*** The data Section Begins ***

lemma non_diagonal_edge_in_cliques:
  assumes "T \<in> Tri" "T \<notin> cliques" "e \<in> E" "e \<subseteq> T" "e \<notin> diagonals"
  shows "e \<in> cliques"
proof -
  obtain C where C: "C \<in> cliques" "e \<subseteq> C"
    using assms(3) by (rule edge_in_clique)
  have "C \<notin> Tri"
    using non_diagonal_triangle_unique[OF assms(3,5) _ assms(1) C(2) assms(4)] C(1) assms(2) by blast
  then show ?thesis
    using C cliques_edge_or_triangle edge_subset_edge_eq assms(3) by metis
qed

text \<open>Each triangle is a clique itself, or else its non-diagonal edge is one; the latter
  determines the triangle.\<close>

lemma card_Eminus_triangles_le_cliques: "card Eminus + card Tri \<le> card cliques"
proof -
  define pick where "pick T = (SOME e. e \<in> E \<and> e \<subseteq> T \<and> e \<notin> diagonals)" for T
  have pick: "pick T \<in> E \<and> pick T \<subseteq> T \<and> pick T \<notin> diagonals" if "T \<in> Tri" for T
    using triangle_non_diagonal_edgeE[OF that] unfolding pick_def by (metis (mono_tags, lifting) someI)
  define g where "g T = (if T \<in> cliques then T else pick T)" for T
  have g_cliques: "g ` Tri \<subseteq> cliques"
    using pick non_diagonal_edge_in_cliques unfolding g_def by auto
  have "inj_on g Tri"
  proof (rule inj_onI)
    fix T1 T2
    assume T: "T1 \<in> Tri" "T2 \<in> Tri" "g T1 = g T2"
    have "g T \<in> Tri \<longleftrightarrow> T \<in> cliques" if "T \<in> Tri" for T
      using that pick[OF that] triangle_edge_disjoint unfolding g_def by auto
    then have "T1 \<in> cliques \<longleftrightarrow> T2 \<in> cliques"
      using T by metis
    then show "T1 = T2"
      using T pick[OF T(1)] pick[OF T(2)] non_diagonal_triangle_unique[of "pick T1" T1 T2]
      unfolding g_def by (auto split: if_splits)
  qed
  moreover have "Eminus \<inter> g ` Tri = {}"
    using pick triangle_edge_disjoint unfolding g_def minus_edges_def triangle_edges_def by auto
  ultimately have "card Eminus + card Tri = card (Eminus \<union> g ` Tri)"
    using finite_subset[OF Eminus_subset finite_E] finite_triangles by (simp add: card_Un_disjoint card_image)
  also have "\<dots> \<le> card cliques"
    using Eminus_subset_cliques g_cliques finite_cliques by (intro card_mono) auto
  finally show ?thesis .
qed

lemma card_cliques_le: "card cliques \<le> card (W - Inl ` V) + card entered_vertices"
proof -
  have finite_cover_vertices: "finite cover_vertices"
    using finite_W unfolding cover_vertices_def by simp
  have "card cliques \<le> card cover_vertices"
    unfolding cliques_def using finite_cover_vertices by (rule card_image_le)
  also have "\<dots> \<le> card ((W - Inl ` V) \<union> Inl ` entered_vertices)"
    using finite_W finite_V unfolding cover_vertices_def entered_vertices_def by (intro card_mono) auto
  also have "\<dots> \<le> card (W - Inl ` V) + card (Inl ` entered_vertices :: ('a + nat) set)"
    by (rule card_Un_le)
  finally show ?thesis
    by (simp add: card_image)
qed
lemma bij_betw_prefix_ones:
  assumes t: "t \<in> S l n"
  shows "bij_betw (prefix_ones t) {j. j < l \<and> t ! j = 1} {..<n}"
proof -
  let ?P = "{j. j < l \<and> t ! j = 1}"
  have inj: "inj_on (prefix_ones t) ?P"
  proof (rule linorder_inj_onI)
    fix x y assume "x < y" "x \<in> ?P" "y \<in> ?P"
    then have "prefix_ones t (Suc x) \<le> prefix_ones t y" by (intro prefix_ones_mono) simp
    then show "prefix_ones t x \<noteq> prefix_ones t y"
      using \<open>x \<in> ?P\<close> by (simp add: prefix_ones_Suc)
  qed auto
  have sub: "prefix_ones t ` ?P \<subseteq> {..<n}"
  proof
    fix k assume "k \<in> prefix_ones t ` ?P"
    then obtain j where j: "j \<in> ?P" "k = prefix_ones t j" by auto
    then have "prefix_ones t (Suc j) \<le> prefix_ones t l" by (intro prefix_ones_mono) simp
    then show "k \<in> {..<n}" using j prefix_ones_S[OF t] by (simp add: prefix_ones_Suc)
  qed
  have "n = (\<Sum>j<l. t ! j)" using prefix_ones_S[OF t] by (simp add: prefix_ones_def)
  also have "\<dots> = (\<Sum>j<l. if t ! j = 1 then 1 else 0)"
    using S_nth_cases[OF t] by (intro sum.cong) auto
  also have "\<dots> = card ?P" by (simp add: sum.If_cases Int_def)
  finally have "card (prefix_ones t ` ?P) = card {..<n}"
    using card_image[OF inj] by simp
  then have "prefix_ones t ` ?P = {..<n}"
    by (intro card_subset_eq[OF _ sub]) simp_all
  with inj show ?thesis by (simp add: bij_betw_def)
qed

*** The data Section Ends ***

About this task: Using the records above, find and show each line with the string "obtain".

Exercise output:
  obtain C where C: "C \<in> cliques" "e \<subseteq> C"
    then obtain j where j: "j \<in> ?P" "k = prefix_ones t j" by auto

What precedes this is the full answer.